We have the pleasure of having Howard Bloom as our guest today. As per Wikipedia:
Howard Bloom (born June 25, 1943) is an American author. He was a publicist in the 1970s and 1980s for singers and bands such as Prince,[1] Billy Joel,[2] and Styx.[3] In 1988 he became disabled with chronic fatigue syndrome.[4] Since then he has published three books on human evolution and group behavior, The Genius of the Beast, The Global Brain and The Lucifer Principle, which are informed by his ideas about what underlies the success of major rock and roll artists.[5]
Bloom left the music industry in 1988 due to Chronic Fatigue Syndrome, reinventing himself as one of the world’s leading scientific experts on group dynamics, perceptual engineering, memetics, and popular culture. His best-selling book The Lucifer Principle: A Scientific Exploration Into the Forces of History (New York: Atlantic Monthly Press, 1995) was acclaimed by 22 major scientists upon its release, and is regarded as a landmark study of principles including memes, the pecking order, and the superorganism (group-mind). The book established Bloom as a scientific expert in mass behavior.

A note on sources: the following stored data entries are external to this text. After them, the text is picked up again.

(* A connected graph $G$ belongs to DH $\cap$ co-DH if and only if $G$ admits a sequence of twin eliminations ending in a graph isomorphic to an induced subgraph of the Bull.
   Context: All graphs are finite and simple. A graph is distance-hereditary if it has no induced subgraph isomorphic to a hole (an induced cycle of length at least $5$), the house (a $5$-cycle plus one chord), the domino (a $6$-cycle $v_1\dots v_6$ plus the chord $v_1v_4$), or the gem ($P_4$ plus a vertex adjacent to all four of its vertices). DH $\cap$ co-DH is the class of graphs $G$ such that both $G$ and its complement are distance-hereditary. Two distinct vertices $u,v$ are twins if $N(u)\setminus\{u,v\}=N(v)\setminus\{u,v\}$. A sequence of twin eliminations from $G$ to $H$ is a sequence $G=G_0,G_1,\dots,G_k=H$ ($k\ge 0$) where each $G_{i+1}=G_i-v_i$ for some vertex $v_i$ of $G_i$ having a twin in $G_i$. The Bull is the graph on vertices $a,b,c,d,e$ with edges $ab,bc,ca,ad,be$. *)

theory Defs
  imports Main
begin

text \<open>A finite simple graph is given by a vertex set V and an adjacency
relation E; only the restriction of E to V matters.\<close>

definition simple_graph :: "'a set \<Rightarrow> ('a \<Rightarrow> 'a \<Rightarrow> bool) \<Rightarrow> bool" where
  "simple_graph V E \<longleftrightarrow> finite V \<and> (\<forall>x\<in>V. \<forall>y\<in>V. E x y \<longleftrightarrow> E y x) \<and> (\<forall>x\<in>V. \<not> E x x)"

definition connected_graph :: "'a set \<Rightarrow> ('a \<Rightarrow> 'a \<Rightarrow> bool) \<Rightarrow> bool" where
  "connected_graph V E \<longleftrightarrow> V \<noteq> {} \<and>
     (\<forall>x\<in>V. \<forall>y\<in>V. (\<lambda>a b. a \<in> V \<and> b \<in> V \<and> E a b)\<^sup>*\<^sup>* x y)"

definition complement_graph :: "('a \<Rightarrow> 'a \<Rightarrow> bool) \<Rightarrow> 'a \<Rightarrow> 'a \<Rightarrow> bool" where
  "complement_graph E x y \<longleftrightarrow> x \<noteq> y \<and> \<not> E x y"

definition graph_iso :: "'a set \<Rightarrow> ('a \<Rightarrow> 'a \<Rightarrow> bool) \<Rightarrow> 'b set \<Rightarrow> ('b \<Rightarrow> 'b \<Rightarrow> bool) \<Rightarrow> bool" where
  "graph_iso V E W F \<longleftrightarrow> (\<exists>f. bij_betw f V W \<and> (\<forall>x\<in>V. \<forall>y\<in>V. E x y \<longleftrightarrow> F (f x) (f y)))"

definition has_induced :: "'a set \<Rightarrow> ('a \<Rightarrow> 'a \<Rightarrow> bool) \<Rightarrow> 'b set \<Rightarrow> ('b \<Rightarrow> 'b \<Rightarrow> bool) \<Rightarrow> bool" where
  "has_induced V E W F \<longleftrightarrow> (\<exists>S\<subseteq>V. graph_iso S E W F)"

definition cycle_adj :: "nat \<Rightarrow> nat \<Rightarrow> nat \<Rightarrow> bool" where
  "cycle_adj k i j \<longleftrightarrow> j = (i + 1) mod k \<or> i = (j + 1) mod k"

definition house_adj :: "nat \<Rightarrow> nat \<Rightarrow> bool" where
  "house_adj i j \<longleftrightarrow> cycle_adj 5 i j \<or> {i, j} = {0, 2}"

definition domino_adj :: "nat \<Rightarrow> nat \<Rightarrow> bool" where
  "domino_adj i j \<longleftrightarrow> cycle_adj 6 i j \<or> {i, j} = {0, 3}"

definition gem_adj :: "nat \<Rightarrow> nat \<Rightarrow> bool" where
  "gem_adj i j \<longleftrightarrow> {i, j} \<in> {{0,1},{1,2},{2,3},{4,0},{4,1},{4,2},{4,3}}"

text \<open>Bull: a=0, b=1, c=2, d=3, e=4; edges ab, bc, ca, ad, be.\<close>
definition bull_adj :: "nat \<Rightarrow> nat \<Rightarrow> bool" where
  "bull_adj i j \<longleftrightarrow> {i, j} \<in> {{0,1},{1,2},{2,0},{0,3},{1,4}}"

definition distance_hereditary :: "'a set \<Rightarrow> ('a \<Rightarrow> 'a \<Rightarrow> bool) \<Rightarrow> bool" where
  "distance_hereditary V E \<longleftrightarrow>
     (\<forall>k\<ge>5. \<not> has_induced V E {0..<k} (cycle_adj k)) \<and>
     \<not> has_induced V E {0..<5} house_adj \<and>
     \<not> has_induced V E {0..<6} domino_adj \<and>
     \<not> has_induced V E {0..<5} gem_adj"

Bloom subsequently founded the prestigious International Paleopsychology Project, a growing assembly of scientists, theorists, and conceptual outsiders who critically examine contemporary society, drawing upon physics, microbiology, paleontology, endocrinology, neurobiology, anthropology, history and human ethology.
Bloom shows this remarkable interdisciplinary outlook in his latest book, Global Brain: The Evolution of Mass Mind from the Big Bang to the 21st Century (New York: John Wiley and Sons, 2000), which argues for Group Selection Theory, and compellingly warns that humanity may face a bacterial apocalypse.